Provided data>
____________________

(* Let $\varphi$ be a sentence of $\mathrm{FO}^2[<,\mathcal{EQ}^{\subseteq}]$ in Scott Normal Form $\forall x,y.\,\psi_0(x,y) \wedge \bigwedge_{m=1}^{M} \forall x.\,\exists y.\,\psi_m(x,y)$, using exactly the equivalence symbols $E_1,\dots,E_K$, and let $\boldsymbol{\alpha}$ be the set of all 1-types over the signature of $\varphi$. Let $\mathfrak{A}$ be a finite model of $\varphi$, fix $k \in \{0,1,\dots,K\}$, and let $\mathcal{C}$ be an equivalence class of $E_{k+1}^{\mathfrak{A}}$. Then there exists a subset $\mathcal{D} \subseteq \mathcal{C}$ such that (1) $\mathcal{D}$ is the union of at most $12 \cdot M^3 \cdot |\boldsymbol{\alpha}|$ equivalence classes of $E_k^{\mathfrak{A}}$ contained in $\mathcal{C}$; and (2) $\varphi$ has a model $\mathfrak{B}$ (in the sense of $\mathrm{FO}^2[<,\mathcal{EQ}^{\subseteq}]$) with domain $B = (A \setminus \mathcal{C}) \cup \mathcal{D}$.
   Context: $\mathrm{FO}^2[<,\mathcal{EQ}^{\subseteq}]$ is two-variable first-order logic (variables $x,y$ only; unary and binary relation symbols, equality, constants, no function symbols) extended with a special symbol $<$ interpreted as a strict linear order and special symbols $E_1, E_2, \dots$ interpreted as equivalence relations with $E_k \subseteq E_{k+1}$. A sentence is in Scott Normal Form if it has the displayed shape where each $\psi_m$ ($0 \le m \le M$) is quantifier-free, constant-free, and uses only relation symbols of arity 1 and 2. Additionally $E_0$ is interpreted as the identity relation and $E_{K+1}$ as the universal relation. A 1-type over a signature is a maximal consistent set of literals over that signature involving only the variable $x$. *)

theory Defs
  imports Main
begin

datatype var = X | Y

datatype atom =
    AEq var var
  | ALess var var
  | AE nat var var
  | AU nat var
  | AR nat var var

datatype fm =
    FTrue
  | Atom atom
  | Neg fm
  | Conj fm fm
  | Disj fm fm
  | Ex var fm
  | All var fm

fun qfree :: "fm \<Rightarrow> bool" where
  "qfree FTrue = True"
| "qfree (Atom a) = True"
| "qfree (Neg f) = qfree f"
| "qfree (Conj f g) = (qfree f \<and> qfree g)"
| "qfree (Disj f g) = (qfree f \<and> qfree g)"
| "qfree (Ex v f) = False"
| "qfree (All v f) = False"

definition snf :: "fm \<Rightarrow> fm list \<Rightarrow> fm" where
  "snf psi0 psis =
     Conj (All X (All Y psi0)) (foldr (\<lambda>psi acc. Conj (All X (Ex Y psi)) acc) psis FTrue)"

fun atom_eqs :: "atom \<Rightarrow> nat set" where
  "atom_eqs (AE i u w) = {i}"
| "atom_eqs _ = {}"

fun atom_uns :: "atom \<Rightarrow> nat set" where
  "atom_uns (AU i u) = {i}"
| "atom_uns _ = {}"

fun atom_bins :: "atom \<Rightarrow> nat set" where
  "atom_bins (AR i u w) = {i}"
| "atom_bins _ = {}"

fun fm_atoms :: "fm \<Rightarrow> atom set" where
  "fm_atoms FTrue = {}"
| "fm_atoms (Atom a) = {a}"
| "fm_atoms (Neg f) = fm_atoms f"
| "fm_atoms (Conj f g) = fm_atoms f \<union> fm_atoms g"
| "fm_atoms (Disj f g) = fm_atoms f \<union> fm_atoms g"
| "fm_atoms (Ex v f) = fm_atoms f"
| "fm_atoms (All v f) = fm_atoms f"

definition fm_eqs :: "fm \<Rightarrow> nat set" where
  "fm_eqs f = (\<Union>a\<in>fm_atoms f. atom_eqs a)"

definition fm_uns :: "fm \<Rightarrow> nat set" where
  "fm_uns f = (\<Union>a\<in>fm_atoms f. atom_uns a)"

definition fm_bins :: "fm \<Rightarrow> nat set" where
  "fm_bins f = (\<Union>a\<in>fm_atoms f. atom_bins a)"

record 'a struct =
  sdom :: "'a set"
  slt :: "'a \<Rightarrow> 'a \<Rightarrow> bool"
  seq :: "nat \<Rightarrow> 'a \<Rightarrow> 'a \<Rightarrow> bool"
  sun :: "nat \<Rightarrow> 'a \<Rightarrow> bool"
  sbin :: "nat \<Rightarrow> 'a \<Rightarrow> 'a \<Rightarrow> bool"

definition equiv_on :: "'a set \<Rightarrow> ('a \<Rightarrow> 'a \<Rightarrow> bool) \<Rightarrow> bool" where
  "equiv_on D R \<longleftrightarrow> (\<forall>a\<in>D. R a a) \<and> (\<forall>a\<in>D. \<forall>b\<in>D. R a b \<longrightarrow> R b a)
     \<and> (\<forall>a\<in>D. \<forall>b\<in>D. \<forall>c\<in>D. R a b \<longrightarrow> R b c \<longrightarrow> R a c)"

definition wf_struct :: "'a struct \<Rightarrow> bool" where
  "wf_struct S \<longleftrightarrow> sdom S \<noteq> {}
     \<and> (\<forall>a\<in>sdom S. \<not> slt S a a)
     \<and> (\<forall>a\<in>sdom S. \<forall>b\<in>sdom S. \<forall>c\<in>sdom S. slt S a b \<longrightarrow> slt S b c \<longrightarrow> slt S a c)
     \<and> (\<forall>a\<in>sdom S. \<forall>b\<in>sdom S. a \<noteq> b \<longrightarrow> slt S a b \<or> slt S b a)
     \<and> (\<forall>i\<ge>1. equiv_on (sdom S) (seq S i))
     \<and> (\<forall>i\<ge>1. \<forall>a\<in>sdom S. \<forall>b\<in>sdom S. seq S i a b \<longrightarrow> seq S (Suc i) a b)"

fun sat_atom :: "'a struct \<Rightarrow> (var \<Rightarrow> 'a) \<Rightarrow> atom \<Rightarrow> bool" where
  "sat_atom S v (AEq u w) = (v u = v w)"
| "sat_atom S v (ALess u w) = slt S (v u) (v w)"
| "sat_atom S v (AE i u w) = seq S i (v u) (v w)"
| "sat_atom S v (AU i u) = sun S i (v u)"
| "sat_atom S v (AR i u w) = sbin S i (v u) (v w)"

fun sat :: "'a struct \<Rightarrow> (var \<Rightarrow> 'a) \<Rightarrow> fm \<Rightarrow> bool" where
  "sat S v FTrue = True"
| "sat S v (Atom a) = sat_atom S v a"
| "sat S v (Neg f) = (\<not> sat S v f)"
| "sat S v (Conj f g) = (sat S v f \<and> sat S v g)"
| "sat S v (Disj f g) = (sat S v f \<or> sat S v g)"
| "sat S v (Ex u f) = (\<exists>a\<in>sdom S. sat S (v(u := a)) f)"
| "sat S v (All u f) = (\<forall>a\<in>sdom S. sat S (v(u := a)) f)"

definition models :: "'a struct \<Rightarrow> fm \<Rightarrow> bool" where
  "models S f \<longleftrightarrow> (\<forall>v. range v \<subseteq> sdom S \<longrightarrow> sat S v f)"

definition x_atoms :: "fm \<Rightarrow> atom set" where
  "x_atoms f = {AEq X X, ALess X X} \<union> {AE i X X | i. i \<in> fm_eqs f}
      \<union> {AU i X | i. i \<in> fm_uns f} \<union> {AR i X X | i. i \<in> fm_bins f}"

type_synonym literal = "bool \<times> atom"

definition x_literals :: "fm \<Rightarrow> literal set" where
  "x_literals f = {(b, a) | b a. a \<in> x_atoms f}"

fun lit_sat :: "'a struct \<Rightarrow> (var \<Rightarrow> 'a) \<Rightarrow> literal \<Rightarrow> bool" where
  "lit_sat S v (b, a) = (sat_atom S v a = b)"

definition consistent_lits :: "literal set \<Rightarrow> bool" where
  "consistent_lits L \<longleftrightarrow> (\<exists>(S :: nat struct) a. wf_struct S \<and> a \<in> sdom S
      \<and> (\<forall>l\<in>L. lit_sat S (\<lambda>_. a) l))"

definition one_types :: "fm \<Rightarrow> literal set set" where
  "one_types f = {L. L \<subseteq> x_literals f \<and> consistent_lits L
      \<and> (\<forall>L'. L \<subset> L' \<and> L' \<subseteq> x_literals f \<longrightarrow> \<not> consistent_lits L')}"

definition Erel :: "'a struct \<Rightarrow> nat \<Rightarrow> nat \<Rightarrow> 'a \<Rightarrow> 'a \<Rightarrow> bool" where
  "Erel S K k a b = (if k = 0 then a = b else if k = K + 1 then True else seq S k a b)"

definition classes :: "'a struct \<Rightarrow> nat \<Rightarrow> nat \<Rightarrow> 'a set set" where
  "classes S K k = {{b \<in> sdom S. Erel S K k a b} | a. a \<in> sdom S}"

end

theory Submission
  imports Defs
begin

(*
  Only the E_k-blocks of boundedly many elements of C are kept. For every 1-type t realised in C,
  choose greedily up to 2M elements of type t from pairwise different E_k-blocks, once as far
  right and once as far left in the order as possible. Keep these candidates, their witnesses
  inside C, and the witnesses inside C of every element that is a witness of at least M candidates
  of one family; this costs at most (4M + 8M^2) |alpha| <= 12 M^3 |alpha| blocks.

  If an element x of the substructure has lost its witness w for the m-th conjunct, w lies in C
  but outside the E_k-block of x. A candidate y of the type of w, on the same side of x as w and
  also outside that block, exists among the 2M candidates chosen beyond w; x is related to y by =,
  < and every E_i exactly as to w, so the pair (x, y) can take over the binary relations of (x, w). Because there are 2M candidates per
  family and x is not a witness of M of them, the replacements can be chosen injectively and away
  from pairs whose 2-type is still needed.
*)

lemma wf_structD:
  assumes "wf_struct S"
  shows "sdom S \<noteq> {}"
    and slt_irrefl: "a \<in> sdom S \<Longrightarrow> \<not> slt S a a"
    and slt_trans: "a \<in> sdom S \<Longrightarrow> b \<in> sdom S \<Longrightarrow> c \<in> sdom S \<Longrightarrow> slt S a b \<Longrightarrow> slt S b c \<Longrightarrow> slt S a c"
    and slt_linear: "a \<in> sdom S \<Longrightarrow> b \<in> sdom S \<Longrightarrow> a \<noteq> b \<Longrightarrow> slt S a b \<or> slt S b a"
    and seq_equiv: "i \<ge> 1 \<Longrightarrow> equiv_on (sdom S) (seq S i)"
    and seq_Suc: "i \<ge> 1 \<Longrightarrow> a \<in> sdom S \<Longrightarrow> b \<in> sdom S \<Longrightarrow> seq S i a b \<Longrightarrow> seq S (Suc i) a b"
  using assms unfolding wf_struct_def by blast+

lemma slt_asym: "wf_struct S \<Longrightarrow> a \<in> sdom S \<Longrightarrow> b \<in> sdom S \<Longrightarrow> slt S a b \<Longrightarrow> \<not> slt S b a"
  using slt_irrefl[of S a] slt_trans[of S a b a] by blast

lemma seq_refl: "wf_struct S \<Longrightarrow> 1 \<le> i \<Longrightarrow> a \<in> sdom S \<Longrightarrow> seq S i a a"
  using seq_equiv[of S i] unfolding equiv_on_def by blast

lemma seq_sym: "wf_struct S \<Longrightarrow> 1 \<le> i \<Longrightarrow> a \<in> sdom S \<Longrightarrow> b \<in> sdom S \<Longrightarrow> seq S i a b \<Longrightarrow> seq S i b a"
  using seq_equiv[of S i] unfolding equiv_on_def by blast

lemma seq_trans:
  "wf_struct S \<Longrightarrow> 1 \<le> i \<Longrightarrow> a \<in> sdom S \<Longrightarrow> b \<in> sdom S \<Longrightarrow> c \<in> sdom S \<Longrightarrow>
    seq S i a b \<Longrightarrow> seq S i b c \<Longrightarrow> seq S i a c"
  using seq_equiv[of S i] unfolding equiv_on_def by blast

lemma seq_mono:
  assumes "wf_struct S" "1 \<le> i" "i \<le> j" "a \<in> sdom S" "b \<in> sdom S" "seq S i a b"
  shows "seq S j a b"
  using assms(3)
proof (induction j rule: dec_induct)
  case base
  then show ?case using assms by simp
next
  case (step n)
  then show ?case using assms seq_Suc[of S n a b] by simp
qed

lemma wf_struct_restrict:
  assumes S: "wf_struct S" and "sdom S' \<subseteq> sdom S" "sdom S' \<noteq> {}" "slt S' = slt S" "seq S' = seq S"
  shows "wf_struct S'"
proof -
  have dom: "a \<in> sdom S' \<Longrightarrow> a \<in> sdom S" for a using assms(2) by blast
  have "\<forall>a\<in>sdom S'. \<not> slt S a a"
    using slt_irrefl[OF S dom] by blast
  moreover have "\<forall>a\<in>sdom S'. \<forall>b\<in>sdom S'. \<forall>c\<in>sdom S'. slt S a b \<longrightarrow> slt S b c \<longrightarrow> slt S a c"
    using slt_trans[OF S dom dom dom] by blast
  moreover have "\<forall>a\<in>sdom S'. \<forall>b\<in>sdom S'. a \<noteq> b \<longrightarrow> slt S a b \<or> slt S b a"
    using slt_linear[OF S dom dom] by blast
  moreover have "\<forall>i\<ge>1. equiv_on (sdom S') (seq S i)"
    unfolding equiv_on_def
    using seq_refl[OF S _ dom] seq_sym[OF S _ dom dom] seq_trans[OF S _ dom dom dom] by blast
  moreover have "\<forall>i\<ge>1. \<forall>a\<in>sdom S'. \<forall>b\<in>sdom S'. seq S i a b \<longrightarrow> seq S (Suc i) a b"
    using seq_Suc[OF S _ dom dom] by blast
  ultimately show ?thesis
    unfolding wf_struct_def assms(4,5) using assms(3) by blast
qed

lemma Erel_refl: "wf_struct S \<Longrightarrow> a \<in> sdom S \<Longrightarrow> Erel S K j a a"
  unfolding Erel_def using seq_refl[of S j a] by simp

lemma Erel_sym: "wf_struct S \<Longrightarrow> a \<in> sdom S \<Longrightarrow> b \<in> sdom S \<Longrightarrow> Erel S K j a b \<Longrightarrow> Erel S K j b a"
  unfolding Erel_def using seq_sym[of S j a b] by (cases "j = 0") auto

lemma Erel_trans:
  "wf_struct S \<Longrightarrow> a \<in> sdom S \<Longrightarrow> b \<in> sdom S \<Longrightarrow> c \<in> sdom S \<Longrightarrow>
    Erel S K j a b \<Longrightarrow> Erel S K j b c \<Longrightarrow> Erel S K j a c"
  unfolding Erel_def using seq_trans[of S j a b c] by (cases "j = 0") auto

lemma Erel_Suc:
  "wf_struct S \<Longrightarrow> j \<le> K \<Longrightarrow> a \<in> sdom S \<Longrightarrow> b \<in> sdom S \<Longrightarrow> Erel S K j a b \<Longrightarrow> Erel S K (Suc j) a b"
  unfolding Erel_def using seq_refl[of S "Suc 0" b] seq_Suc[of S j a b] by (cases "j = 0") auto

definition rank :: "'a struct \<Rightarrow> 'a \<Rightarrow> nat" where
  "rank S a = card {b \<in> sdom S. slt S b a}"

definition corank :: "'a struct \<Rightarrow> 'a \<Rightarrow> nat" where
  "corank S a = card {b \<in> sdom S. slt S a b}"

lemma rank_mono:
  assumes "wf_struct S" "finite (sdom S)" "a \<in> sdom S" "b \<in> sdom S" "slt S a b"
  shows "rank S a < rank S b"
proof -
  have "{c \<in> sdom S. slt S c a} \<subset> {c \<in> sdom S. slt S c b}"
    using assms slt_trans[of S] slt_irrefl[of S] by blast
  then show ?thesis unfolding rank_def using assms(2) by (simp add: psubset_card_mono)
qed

____________________

What is needed>
Reproduce the lines above, beginning at the line with "S) (seq S i))" and stopping after the line with "i \<in> fm_eqs", exactly as they are.

Solution for this problem>
     \<and> (\<forall>i\<ge>1. equiv_on (sdom S) (seq S i))
     \<and> (\<forall>i\<ge>1. \<forall>a\<in>sdom S. \<forall>b\<in>sdom S. seq S i a b \<longrightarrow> seq S (Suc i) a b)"

fun sat_atom :: "'a struct \<Rightarrow> (var \<Rightarrow> 'a) \<Rightarrow> atom \<Rightarrow> bool" where
  "sat_atom S v (AEq u w) = (v u = v w)"
| "sat_atom S v (ALess u w) = slt S (v u) (v w)"
| "sat_atom S v (AE i u w) = seq S i (v u) (v w)"
| "sat_atom S v (AU i u) = sun S i (v u)"
| "sat_atom S v (AR i u w) = sbin S i (v u) (v w)"

fun sat :: "'a struct \<Rightarrow> (var \<Rightarrow> 'a) \<Rightarrow> fm \<Rightarrow> bool" where
  "sat S v FTrue = True"
| "sat S v (Atom a) = sat_atom S v a"
| "sat S v (Neg f) = (\<not> sat S v f)"
| "sat S v (Conj f g) = (sat S v f \<and> sat S v g)"
| "sat S v (Disj f g) = (sat S v f \<or> sat S v g)"
| "sat S v (Ex u f) = (\<exists>a\<in>sdom S. sat S (v(u := a)) f)"
| "sat S v (All u f) = (\<forall>a\<in>sdom S. sat S (v(u := a)) f)"

definition models :: "'a struct \<Rightarrow> fm \<Rightarrow> bool" where
  "models S f \<longleftrightarrow> (\<forall>v. range v \<subseteq> sdom S \<longrightarrow> sat S v f)"

definition x_atoms :: "fm \<Rightarrow> atom set" where
  "x_atoms f = {AEq X X, ALess X X} \<union> {AE i X X | i. i \<in> fm_eqs f}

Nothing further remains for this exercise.